<<<<

(* For each $\pi\in\Pi$, the map $x\mapsto\mathscr{P}(\pi,x)$ on $\mathbb{S}^D$ is twice differentiable, and $\displaystyle\sup_{\pi\in\Pi,\ x\in\mathbb{S}^D,\ y\in\mathbb{S}^D,\ |y|\le1}\ \sum_{j=1}^2\Big|\frac{d^j}{dr^j}\mathscr{P}(\pi,x+ry)\Big|_{r=0}\Big|\le 3.$
   Context: Fix $D\in\mathbb{N}$. For real matrices (or vectors) of equal size, $a\cdot b=\sum_{i,j}a_{ij}b_{ij}$ and $|a|=\sqrt{a\cdot a}$. $\mathbb{S}^D$ is the space of real symmetric $D\times D$ matrices, $\mathbb{S}^D_+$ the positive semidefinite ones; $a\succeq b$ means $a\cdot c\ge b\cdot c$ for all $c\in\mathbb{S}^D_+$. $P_1$ is a probability measure supported in the closed unit ball of $\mathbb{R}^D$. $\xi:\mathbb{R}^{D\times D}\to\mathbb{R}$ satisfies: (i) $\xi$ is differentiable with locally Lipschitz gradient $\nabla\xi$; (ii) $\xi\ge0$ on $\mathbb{S}^D_+$, $\xi(0)=0$, $\xi(a)=\xi(a^\intercal)$; (iii) for $a,b\in\mathbb{S}^D_+$ with $a\succeq b$, $\xi(a)\ge\xi(b)$ and $\nabla\xi(a)\succeq\nabla\xi(b)$. $\Pi$ is the set of left-continuous maps $\pi:[0,1]\to\mathbb{S}^D_+$ with $\pi(s')\succeq\pi(s)$ for $s'\ge s$. Let $\mathfrak{R}$ be the Ruelle probability cascade with overlap uniform on $[0,1]$ (random probability measure on the unit sphere of a separable Hilbert space with inner product $\alpha\wedge\alpha'$, a.s. ultrametric support, $\alpha\wedge\alpha'$ uniform on $[0,1]$ under $\mathbb{E}\mathfrak{R}^{\otimes 2}$). For $\pi\in\Pi$, conditionally on $\mathfrak{R}$, $(w^\pi(\alpha))_{\alpha\in\mathrm{supp}\,\mathfrak{R}}$ is a centered $\mathbb{R}^D$-valued Gaussian process with $\mathbb{E}w^\pi(\alpha)w^\pi(\alpha')^\intercal=\pi(\alpha\wedge\alpha')$. With $\theta(a)=a\cdot\nabla\xi(a)-\xi(a)$, $\mathscr{P}(\pi,x)=\mathbb{E}\log\iint\exp\big(w^{\nabla\xi\circ\pi}(\alpha)\cdot\tau-\tfrac12\nabla\xi(\pi(1))\cdot\tau\tau^\intercal+x\cdot\tau\tau^\intercal\big)dP_1(\tau)d\mathfrak{R}(\alpha)+\tfrac12\int_0^1\theta(\pi(s))ds$ for $x\in\mathbb{S}^D$. *)

theory Defs
  imports "HOL-Probability.Probability"
begin

type_synonym 'd mat = "real ^ 'd ^ 'd"

definition symm :: "'d::finite mat \<Rightarrow> bool" where
  "symm a \<longleftrightarrow> transpose a = a"

definition psd :: "'d::finite mat \<Rightarrow> bool" where
  "psd a \<longleftrightarrow> symm a \<and> (\<forall>v::real^'d. v \<bullet> (a *v v) \<ge> 0)"

definition loew_ge :: "'d::finite mat \<Rightarrow> 'd mat \<Rightarrow> bool" where
  "loew_ge a b \<longleftrightarrow> (\<forall>c. psd c \<longrightarrow> a \<bullet> c \<ge> b \<bullet> c)"

definition outer :: "real ^ 'd \<Rightarrow> real ^ 'd \<Rightarrow> 'd::finite mat" where
  "outer u v = (\<chi> i j. u $ i * v $ j)"

definition xi_assm :: "('d::finite mat \<Rightarrow> real) \<Rightarrow> ('d mat \<Rightarrow> 'd mat) \<Rightarrow> bool" where
  "xi_assm \<xi> g \<longleftrightarrow>
     (\<forall>a. (\<xi> has_derivative (\<lambda>h. g a \<bullet> h)) (at a)) \<and>
     (\<forall>a. \<exists>e>0. \<exists>L. L-lipschitz_on (ball a e) g) \<and>
     (\<forall>a. psd a \<longrightarrow> \<xi> a \<ge> 0) \<and> \<xi> 0 = 0 \<and> (\<forall>a. \<xi> a = \<xi> (transpose a)) \<and>
     (\<forall>a b. psd a \<longrightarrow> psd b \<longrightarrow> loew_ge a b \<longrightarrow> \<xi> a \<ge> \<xi> b \<and> loew_ge (g a) (g b))"

definition theta :: "('d::finite mat \<Rightarrow> real) \<Rightarrow> ('d mat \<Rightarrow> 'd mat) \<Rightarrow> 'd mat \<Rightarrow> real" where
  "theta \<xi> g a = a \<bullet> g a - \<xi> a"

definition Pi_paths :: "(real \<Rightarrow> 'd::finite mat) set" where
  "Pi_paths = {\<pi>. (\<forall>s\<in>{0..1}. psd (\<pi> s)) \<and>
                  (\<forall>s\<in>{0<..1}. (\<pi> \<longlongrightarrow> \<pi> s) (at_left s)) \<and>
                  (\<forall>s\<in>{0..1}. \<forall>s'\<in>{0..1}. s \<le> s' \<longrightarrow> loew_ge (\<pi> s') (\<pi> s))}"

definition msupp :: "'a::topological_space measure \<Rightarrow> 'a set" where
  "msupp \<mu> = {x. \<forall>U. open U \<longrightarrow> x \<in> U \<longrightarrow> emeasure \<mu> U > 0}"

text \<open>Ruelle probability cascade with overlap uniform on [0,1], described by its
  defining properties: a random probability measure (a measurable kernel from M)
  on the unit sphere of the separable Hilbert space 'h, a.s. ultrametric support,
  and overlap uniform on [0,1] under E R^{\<otimes>2}.\<close>
definition is_RPC :: "'w measure \<Rightarrow> ('w \<Rightarrow> 'h::{real_inner,polish_space} measure) \<Rightarrow> bool" where
  "is_RPC M R \<longleftrightarrow> prob_space M \<and> R \<in> M \<rightarrow>\<^sub>M prob_algebra borel \<and>
     (\<forall>\<omega>\<in>space M. emeasure (R \<omega>) (sphere 0 1) = 1) \<and>
     (AE \<omega> in M. \<forall>a\<in>msupp (R \<omega>). \<forall>b\<in>msupp (R \<omega>). \<forall>c\<in>msupp (R \<omega>).
         a \<bullet> c \<ge> min (a \<bullet> b) (b \<bullet> c)) \<and>
     (\<forall>A\<in>sets (borel :: real measure).
        (\<integral>\<^sup>+\<omega>. emeasure (R \<omega> \<Otimes>\<^sub>M R \<omega>) {p\<in>space (R \<omega> \<Otimes>\<^sub>M R \<omega>). fst p \<bullet> snd p \<in> A} \<partial>M)
          = emeasure lborel (A \<inter> {0..1}))"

>>>>

Required work> Everything in the listing should be transcribed exactly.

Solution to this exercise>
(* For each $\pi\in\Pi$, the map $x\mapsto\mathscr{P}(\pi,x)$ on $\mathbb{S}^D$ is twice differentiable, and $\displaystyle\sup_{\pi\in\Pi,\ x\in\mathbb{S}^D,\ y\in\mathbb{S}^D,\ |y|\le1}\ \sum_{j=1}^2\Big|\frac{d^j}{dr^j}\mathscr{P}(\pi,x+ry)\Big|_{r=0}\Big|\le 3.$
   Context: Fix $D\in\mathbb{N}$. For real matrices (or vectors) of equal size, $a\cdot b=\sum_{i,j}a_{ij}b_{ij}$ and $|a|=\sqrt{a\cdot a}$. $\mathbb{S}^D$ is the space of real symmetric $D\times D$ matrices, $\mathbb{S}^D_+$ the positive semidefinite ones; $a\succeq b$ means $a\cdot c\ge b\cdot c$ for all $c\in\mathbb{S}^D_+$. $P_1$ is a probability measure supported in the closed unit ball of $\mathbb{R}^D$. $\xi:\mathbb{R}^{D\times D}\to\mathbb{R}$ satisfies: (i) $\xi$ is differentiable with locally Lipschitz gradient $\nabla\xi$; (ii) $\xi\ge0$ on $\mathbb{S}^D_+$, $\xi(0)=0$, $\xi(a)=\xi(a^\intercal)$; (iii) for $a,b\in\mathbb{S}^D_+$ with $a\succeq b$, $\xi(a)\ge\xi(b)$ and $\nabla\xi(a)\succeq\nabla\xi(b)$. $\Pi$ is the set of left-continuous maps $\pi:[0,1]\to\mathbb{S}^D_+$ with $\pi(s')\succeq\pi(s)$ for $s'\ge s$. Let $\mathfrak{R}$ be the Ruelle probability cascade with overlap uniform on $[0,1]$ (random probability measure on the unit sphere of a separable Hilbert space with inner product $\alpha\wedge\alpha'$, a.s. ultrametric support, $\alpha\wedge\alpha'$ uniform on $[0,1]$ under $\mathbb{E}\mathfrak{R}^{\otimes 2}$). For $\pi\in\Pi$, conditionally on $\mathfrak{R}$, $(w^\pi(\alpha))_{\alpha\in\mathrm{supp}\,\mathfrak{R}}$ is a centered $\mathbb{R}^D$-valued Gaussian process with $\mathbb{E}w^\pi(\alpha)w^\pi(\alpha')^\intercal=\pi(\alpha\wedge\alpha')$. With $\theta(a)=a\cdot\nabla\xi(a)-\xi(a)$, $\mathscr{P}(\pi,x)=\mathbb{E}\log\iint\exp\big(w^{\nabla\xi\circ\pi}(\alpha)\cdot\tau-\tfrac12\nabla\xi(\pi(1))\cdot\tau\tau^\intercal+x\cdot\tau\tau^\intercal\big)dP_1(\tau)d\mathfrak{R}(\alpha)+\tfrac12\int_0^1\theta(\pi(s))ds$ for $x\in\mathbb{S}^D$. *)

theory Defs
  imports "HOL-Probability.Probability"
begin

type_synonym 'd mat = "real ^ 'd ^ 'd"

definition symm :: "'d::finite mat \<Rightarrow> bool" where
  "symm a \<longleftrightarrow> transpose a = a"

definition psd :: "'d::finite mat \<Rightarrow> bool" where
  "psd a \<longleftrightarrow> symm a \<and> (\<forall>v::real^'d. v \<bullet> (a *v v) \<ge> 0)"

definition loew_ge :: "'d::finite mat \<Rightarrow> 'd mat \<Rightarrow> bool" where
  "loew_ge a b \<longleftrightarrow> (\<forall>c. psd c \<longrightarrow> a \<bullet> c \<ge> b \<bullet> c)"

definition outer :: "real ^ 'd \<Rightarrow> real ^ 'd \<Rightarrow> 'd::finite mat" where
  "outer u v = (\<chi> i j. u $ i * v $ j)"

definition xi_assm :: "('d::finite mat \<Rightarrow> real) \<Rightarrow> ('d mat \<Rightarrow> 'd mat) \<Rightarrow> bool" where
  "xi_assm \<xi> g \<longleftrightarrow>
     (\<forall>a. (\<xi> has_derivative (\<lambda>h. g a \<bullet> h)) (at a)) \<and>
     (\<forall>a. \<exists>e>0. \<exists>L. L-lipschitz_on (ball a e) g) \<and>
     (\<forall>a. psd a \<longrightarrow> \<xi> a \<ge> 0) \<and> \<xi> 0 = 0 \<and> (\<forall>a. \<xi> a = \<xi> (transpose a)) \<and>
     (\<forall>a b. psd a \<longrightarrow> psd b \<longrightarrow> loew_ge a b \<longrightarrow> \<xi> a \<ge> \<xi> b \<and> loew_ge (g a) (g b))"

definition theta :: "('d::finite mat \<Rightarrow> real) \<Rightarrow> ('d mat \<Rightarrow> 'd mat) \<Rightarrow> 'd mat \<Rightarrow> real" where
  "theta \<xi> g a = a \<bullet> g a - \<xi> a"

definition Pi_paths :: "(real \<Rightarrow> 'd::finite mat) set" where
  "Pi_paths = {\<pi>. (\<forall>s\<in>{0..1}. psd (\<pi> s)) \<and>
                  (\<forall>s\<in>{0<..1}. (\<pi> \<longlongrightarrow> \<pi> s) (at_left s)) \<and>
                  (\<forall>s\<in>{0..1}. \<forall>s'\<in>{0..1}. s \<le> s' \<longrightarrow> loew_ge (\<pi> s') (\<pi> s))}"

definition msupp :: "'a::topological_space measure \<Rightarrow> 'a set" where
  "msupp \<mu> = {x. \<forall>U. open U \<longrightarrow> x \<in> U \<longrightarrow> emeasure \<mu> U > 0}"

text \<open>Ruelle probability cascade with overlap uniform on [0,1], described by its
  defining properties: a random probability measure (a measurable kernel from M)
  on the unit sphere of the separable Hilbert space 'h, a.s. ultrametric support,
  and overlap uniform on [0,1] under E R^{\<otimes>2}.\<close>
definition is_RPC :: "'w measure \<Rightarrow> ('w \<Rightarrow> 'h::{real_inner,polish_space} measure) \<Rightarrow> bool" where
  "is_RPC M R \<longleftrightarrow> prob_space M \<and> R \<in> M \<rightarrow>\<^sub>M prob_algebra borel \<and>
     (\<forall>\<omega>\<in>space M. emeasure (R \<omega>) (sphere 0 1) = 1) \<and>
     (AE \<omega> in M. \<forall>a\<in>msupp (R \<omega>). \<forall>b\<in>msupp (R \<omega>). \<forall>c\<in>msupp (R \<omega>).
         a \<bullet> c \<ge> min (a \<bullet> b) (b \<bullet> c)) \<and>
     (\<forall>A\<in>sets (borel :: real measure).
        (\<integral>\<^sup>+\<omega>. emeasure (R \<omega> \<Otimes>\<^sub>M R \<omega>) {p\<in>space (R \<omega> \<Otimes>\<^sub>M R \<omega>). fst p \<bullet> snd p \<in> A} \<partial>M)
          = emeasure lborel (A \<inter> {0..1}))"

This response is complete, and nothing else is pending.